Source data
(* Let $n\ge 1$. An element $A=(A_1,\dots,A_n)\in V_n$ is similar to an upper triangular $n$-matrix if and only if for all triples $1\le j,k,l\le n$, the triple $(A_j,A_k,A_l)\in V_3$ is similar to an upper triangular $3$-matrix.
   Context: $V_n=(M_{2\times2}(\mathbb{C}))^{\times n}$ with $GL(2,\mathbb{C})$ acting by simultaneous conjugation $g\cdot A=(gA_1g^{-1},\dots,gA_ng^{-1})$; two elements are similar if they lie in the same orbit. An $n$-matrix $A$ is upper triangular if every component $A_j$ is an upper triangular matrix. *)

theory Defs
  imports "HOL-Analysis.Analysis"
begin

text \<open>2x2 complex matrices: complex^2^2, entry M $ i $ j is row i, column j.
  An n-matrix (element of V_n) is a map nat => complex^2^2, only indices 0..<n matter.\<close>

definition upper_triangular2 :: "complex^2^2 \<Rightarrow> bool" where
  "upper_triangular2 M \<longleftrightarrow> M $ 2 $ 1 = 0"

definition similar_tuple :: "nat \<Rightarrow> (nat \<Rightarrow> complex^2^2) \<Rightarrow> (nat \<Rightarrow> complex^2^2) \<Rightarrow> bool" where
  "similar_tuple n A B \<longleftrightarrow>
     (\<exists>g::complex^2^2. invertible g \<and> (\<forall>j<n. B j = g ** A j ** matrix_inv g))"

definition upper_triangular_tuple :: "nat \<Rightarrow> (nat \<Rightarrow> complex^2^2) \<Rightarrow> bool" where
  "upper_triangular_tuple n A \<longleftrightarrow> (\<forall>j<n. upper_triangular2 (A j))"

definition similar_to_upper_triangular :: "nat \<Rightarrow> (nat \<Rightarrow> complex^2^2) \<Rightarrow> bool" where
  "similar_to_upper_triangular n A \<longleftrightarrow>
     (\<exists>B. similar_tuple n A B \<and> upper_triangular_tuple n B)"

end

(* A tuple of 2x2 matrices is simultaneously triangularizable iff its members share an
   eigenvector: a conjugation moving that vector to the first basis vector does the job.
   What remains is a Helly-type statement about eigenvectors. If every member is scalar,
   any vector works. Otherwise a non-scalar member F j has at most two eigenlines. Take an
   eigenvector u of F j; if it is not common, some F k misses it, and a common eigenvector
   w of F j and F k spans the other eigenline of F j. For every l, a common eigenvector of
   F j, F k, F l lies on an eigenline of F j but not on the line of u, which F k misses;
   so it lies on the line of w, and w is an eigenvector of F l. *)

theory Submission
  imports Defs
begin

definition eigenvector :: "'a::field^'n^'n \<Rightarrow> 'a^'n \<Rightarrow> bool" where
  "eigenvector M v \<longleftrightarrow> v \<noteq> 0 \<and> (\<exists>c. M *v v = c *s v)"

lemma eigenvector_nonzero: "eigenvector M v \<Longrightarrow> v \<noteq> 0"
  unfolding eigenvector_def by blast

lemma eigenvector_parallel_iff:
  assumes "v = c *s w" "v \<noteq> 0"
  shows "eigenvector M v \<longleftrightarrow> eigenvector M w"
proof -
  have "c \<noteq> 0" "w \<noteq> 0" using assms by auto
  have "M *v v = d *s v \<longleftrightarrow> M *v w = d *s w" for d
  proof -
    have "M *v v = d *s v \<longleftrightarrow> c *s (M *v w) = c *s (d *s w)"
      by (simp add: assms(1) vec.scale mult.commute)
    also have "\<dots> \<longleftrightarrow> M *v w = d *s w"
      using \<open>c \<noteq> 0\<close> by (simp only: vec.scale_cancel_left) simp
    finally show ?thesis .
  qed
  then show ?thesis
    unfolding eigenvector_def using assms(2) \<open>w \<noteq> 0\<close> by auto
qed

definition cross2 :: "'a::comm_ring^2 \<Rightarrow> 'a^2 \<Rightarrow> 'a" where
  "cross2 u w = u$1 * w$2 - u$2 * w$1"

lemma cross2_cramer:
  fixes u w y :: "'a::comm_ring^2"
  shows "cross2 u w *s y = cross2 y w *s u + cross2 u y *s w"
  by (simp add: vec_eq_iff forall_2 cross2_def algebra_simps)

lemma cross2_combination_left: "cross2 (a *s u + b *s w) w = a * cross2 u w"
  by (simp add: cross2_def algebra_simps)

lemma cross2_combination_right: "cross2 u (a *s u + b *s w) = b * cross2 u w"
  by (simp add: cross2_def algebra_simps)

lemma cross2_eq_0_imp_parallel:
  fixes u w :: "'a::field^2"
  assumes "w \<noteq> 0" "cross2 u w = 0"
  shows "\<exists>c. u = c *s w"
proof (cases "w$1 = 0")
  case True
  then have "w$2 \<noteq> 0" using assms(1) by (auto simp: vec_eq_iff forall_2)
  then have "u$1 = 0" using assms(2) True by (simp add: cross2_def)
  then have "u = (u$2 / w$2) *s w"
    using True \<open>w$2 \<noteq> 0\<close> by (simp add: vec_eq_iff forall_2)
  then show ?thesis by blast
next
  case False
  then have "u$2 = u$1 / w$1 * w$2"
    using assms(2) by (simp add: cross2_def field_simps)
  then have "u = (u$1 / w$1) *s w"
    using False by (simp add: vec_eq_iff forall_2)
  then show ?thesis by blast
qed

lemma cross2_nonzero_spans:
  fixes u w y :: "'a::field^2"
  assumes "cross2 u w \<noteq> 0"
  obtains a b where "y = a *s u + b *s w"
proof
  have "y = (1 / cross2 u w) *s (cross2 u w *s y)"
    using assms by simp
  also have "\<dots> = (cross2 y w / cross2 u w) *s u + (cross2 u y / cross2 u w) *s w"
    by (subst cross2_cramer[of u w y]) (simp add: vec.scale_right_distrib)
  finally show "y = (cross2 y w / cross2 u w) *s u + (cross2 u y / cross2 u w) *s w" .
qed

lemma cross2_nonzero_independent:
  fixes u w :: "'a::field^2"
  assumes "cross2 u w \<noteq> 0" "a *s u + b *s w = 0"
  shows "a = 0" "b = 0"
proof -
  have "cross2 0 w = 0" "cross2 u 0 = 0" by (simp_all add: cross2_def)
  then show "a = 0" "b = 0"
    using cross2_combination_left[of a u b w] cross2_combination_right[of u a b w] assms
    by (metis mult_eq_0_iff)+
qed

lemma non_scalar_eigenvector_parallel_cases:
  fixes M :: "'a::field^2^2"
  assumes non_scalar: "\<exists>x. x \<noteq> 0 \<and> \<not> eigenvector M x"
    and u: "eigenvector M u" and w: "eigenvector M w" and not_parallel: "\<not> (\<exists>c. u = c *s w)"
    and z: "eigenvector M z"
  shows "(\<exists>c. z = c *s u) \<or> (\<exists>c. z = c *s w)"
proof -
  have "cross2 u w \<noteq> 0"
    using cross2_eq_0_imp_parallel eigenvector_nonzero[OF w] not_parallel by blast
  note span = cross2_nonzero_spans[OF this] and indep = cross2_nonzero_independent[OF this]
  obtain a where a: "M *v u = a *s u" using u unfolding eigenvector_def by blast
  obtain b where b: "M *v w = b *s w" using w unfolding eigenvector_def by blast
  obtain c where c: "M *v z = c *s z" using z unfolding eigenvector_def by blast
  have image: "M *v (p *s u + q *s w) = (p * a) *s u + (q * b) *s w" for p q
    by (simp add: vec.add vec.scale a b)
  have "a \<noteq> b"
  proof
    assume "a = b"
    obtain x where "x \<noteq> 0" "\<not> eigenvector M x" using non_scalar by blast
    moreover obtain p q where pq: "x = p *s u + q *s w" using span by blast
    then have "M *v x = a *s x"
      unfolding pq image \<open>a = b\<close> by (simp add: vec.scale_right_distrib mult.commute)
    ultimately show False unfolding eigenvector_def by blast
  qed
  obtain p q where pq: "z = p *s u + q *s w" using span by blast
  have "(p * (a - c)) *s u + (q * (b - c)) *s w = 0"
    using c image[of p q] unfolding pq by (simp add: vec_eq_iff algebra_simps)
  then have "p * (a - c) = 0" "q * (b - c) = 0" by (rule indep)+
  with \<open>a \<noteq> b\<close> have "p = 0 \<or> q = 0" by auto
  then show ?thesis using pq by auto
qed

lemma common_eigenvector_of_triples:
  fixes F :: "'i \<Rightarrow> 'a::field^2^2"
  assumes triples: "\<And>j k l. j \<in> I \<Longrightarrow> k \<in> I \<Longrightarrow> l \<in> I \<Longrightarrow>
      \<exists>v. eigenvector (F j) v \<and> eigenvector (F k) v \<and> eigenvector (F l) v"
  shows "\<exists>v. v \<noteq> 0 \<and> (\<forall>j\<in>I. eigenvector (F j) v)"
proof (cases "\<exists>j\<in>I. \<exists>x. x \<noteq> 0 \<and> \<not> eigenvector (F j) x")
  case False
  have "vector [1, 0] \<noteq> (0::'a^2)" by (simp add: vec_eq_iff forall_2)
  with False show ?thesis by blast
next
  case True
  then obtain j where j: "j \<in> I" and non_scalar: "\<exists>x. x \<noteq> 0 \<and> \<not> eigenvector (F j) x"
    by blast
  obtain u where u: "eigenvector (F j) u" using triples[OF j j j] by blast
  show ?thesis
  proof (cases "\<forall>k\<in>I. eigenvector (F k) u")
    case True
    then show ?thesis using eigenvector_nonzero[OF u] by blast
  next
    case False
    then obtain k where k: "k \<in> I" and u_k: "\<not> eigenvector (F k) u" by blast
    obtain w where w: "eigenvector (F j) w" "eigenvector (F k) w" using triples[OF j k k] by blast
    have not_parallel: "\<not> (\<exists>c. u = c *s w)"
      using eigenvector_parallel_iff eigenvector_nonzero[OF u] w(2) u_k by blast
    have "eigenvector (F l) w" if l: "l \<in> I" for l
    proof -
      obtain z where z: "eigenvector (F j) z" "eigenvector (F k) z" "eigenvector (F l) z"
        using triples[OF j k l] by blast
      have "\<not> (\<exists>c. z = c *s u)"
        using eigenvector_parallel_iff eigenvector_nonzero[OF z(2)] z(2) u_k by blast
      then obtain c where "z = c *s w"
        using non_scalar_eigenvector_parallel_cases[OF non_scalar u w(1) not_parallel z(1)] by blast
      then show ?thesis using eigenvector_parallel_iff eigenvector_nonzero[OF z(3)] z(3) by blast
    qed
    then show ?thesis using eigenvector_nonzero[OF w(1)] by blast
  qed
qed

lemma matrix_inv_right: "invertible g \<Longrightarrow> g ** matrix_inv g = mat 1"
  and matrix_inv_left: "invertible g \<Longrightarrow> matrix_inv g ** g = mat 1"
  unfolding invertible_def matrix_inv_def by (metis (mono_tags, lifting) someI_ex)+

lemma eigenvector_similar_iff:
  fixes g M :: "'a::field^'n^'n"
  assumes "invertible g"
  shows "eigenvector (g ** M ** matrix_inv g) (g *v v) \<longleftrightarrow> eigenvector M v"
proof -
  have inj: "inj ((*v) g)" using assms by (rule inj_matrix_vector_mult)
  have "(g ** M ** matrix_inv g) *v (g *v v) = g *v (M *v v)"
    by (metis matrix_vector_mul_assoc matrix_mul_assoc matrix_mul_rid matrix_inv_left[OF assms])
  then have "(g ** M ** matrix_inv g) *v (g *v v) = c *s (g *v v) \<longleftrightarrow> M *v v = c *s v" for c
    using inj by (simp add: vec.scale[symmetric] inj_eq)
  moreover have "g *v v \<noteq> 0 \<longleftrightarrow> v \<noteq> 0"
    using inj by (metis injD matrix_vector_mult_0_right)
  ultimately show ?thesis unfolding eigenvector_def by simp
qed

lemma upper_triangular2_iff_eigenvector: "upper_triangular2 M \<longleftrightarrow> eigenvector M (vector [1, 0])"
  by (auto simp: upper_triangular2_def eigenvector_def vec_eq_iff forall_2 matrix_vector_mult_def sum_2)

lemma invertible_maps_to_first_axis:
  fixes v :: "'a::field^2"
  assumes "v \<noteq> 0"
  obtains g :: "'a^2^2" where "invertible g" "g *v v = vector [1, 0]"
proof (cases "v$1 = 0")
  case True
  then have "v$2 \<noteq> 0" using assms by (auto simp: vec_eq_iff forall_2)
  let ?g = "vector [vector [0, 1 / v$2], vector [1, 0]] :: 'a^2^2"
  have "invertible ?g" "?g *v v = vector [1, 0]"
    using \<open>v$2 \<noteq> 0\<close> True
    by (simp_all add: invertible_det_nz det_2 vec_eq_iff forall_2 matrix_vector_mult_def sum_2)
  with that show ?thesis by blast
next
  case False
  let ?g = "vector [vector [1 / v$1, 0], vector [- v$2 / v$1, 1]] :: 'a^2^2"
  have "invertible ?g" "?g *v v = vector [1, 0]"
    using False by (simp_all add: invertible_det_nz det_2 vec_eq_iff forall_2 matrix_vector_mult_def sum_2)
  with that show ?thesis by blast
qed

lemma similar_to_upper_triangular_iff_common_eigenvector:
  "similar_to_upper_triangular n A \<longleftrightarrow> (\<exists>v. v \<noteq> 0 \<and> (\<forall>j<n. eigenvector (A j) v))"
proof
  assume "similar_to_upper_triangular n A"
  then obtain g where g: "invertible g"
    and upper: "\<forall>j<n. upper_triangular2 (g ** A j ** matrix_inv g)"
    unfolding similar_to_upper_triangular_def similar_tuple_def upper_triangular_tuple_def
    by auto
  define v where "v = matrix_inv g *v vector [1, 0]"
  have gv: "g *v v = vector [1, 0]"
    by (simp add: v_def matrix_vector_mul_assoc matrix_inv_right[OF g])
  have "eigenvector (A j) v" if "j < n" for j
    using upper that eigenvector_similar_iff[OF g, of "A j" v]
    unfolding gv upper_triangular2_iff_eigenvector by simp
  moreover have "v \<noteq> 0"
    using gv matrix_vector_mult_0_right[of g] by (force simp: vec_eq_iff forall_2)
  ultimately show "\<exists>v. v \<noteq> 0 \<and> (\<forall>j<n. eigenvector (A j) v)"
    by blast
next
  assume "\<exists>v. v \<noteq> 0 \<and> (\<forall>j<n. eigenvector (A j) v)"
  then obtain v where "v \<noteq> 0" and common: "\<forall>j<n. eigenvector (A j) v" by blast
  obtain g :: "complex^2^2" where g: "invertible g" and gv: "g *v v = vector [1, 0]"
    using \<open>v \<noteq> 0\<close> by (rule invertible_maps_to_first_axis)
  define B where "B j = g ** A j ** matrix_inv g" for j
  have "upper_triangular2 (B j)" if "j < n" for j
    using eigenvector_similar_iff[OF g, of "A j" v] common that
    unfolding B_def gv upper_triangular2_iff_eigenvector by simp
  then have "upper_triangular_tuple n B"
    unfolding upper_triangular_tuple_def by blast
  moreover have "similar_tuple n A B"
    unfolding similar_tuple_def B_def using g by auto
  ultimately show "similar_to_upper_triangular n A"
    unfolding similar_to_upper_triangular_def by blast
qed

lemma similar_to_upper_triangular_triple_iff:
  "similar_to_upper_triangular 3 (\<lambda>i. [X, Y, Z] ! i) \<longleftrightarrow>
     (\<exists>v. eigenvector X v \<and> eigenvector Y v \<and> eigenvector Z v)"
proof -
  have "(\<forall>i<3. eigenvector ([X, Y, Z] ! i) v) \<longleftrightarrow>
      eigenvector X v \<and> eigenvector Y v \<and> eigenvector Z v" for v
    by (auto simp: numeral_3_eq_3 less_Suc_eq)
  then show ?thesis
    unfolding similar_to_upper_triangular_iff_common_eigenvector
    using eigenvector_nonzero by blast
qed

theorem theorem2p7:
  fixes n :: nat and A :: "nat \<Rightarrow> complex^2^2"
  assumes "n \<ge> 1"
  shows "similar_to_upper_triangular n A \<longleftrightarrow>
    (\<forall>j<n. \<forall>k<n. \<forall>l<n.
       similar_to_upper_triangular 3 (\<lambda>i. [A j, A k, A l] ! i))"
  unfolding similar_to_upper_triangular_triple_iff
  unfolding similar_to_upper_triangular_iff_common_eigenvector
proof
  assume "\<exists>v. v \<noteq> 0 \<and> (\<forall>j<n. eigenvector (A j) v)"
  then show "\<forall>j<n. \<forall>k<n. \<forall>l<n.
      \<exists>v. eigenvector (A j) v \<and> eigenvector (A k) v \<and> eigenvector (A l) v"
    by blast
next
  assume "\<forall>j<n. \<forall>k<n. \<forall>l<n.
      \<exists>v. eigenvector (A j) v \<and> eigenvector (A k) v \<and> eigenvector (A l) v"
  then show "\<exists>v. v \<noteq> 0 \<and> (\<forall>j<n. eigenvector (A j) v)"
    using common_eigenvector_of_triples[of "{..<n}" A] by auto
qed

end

Directions for this task
Only lines holding the word "lies" are wanted here; copy each from the listing.

Finished task
   F j, F k, F l lies on an eigenline of F j but not on the line of u, which F k misses;
   so it lies on the line of w, and w is an eigenvector of F l. *)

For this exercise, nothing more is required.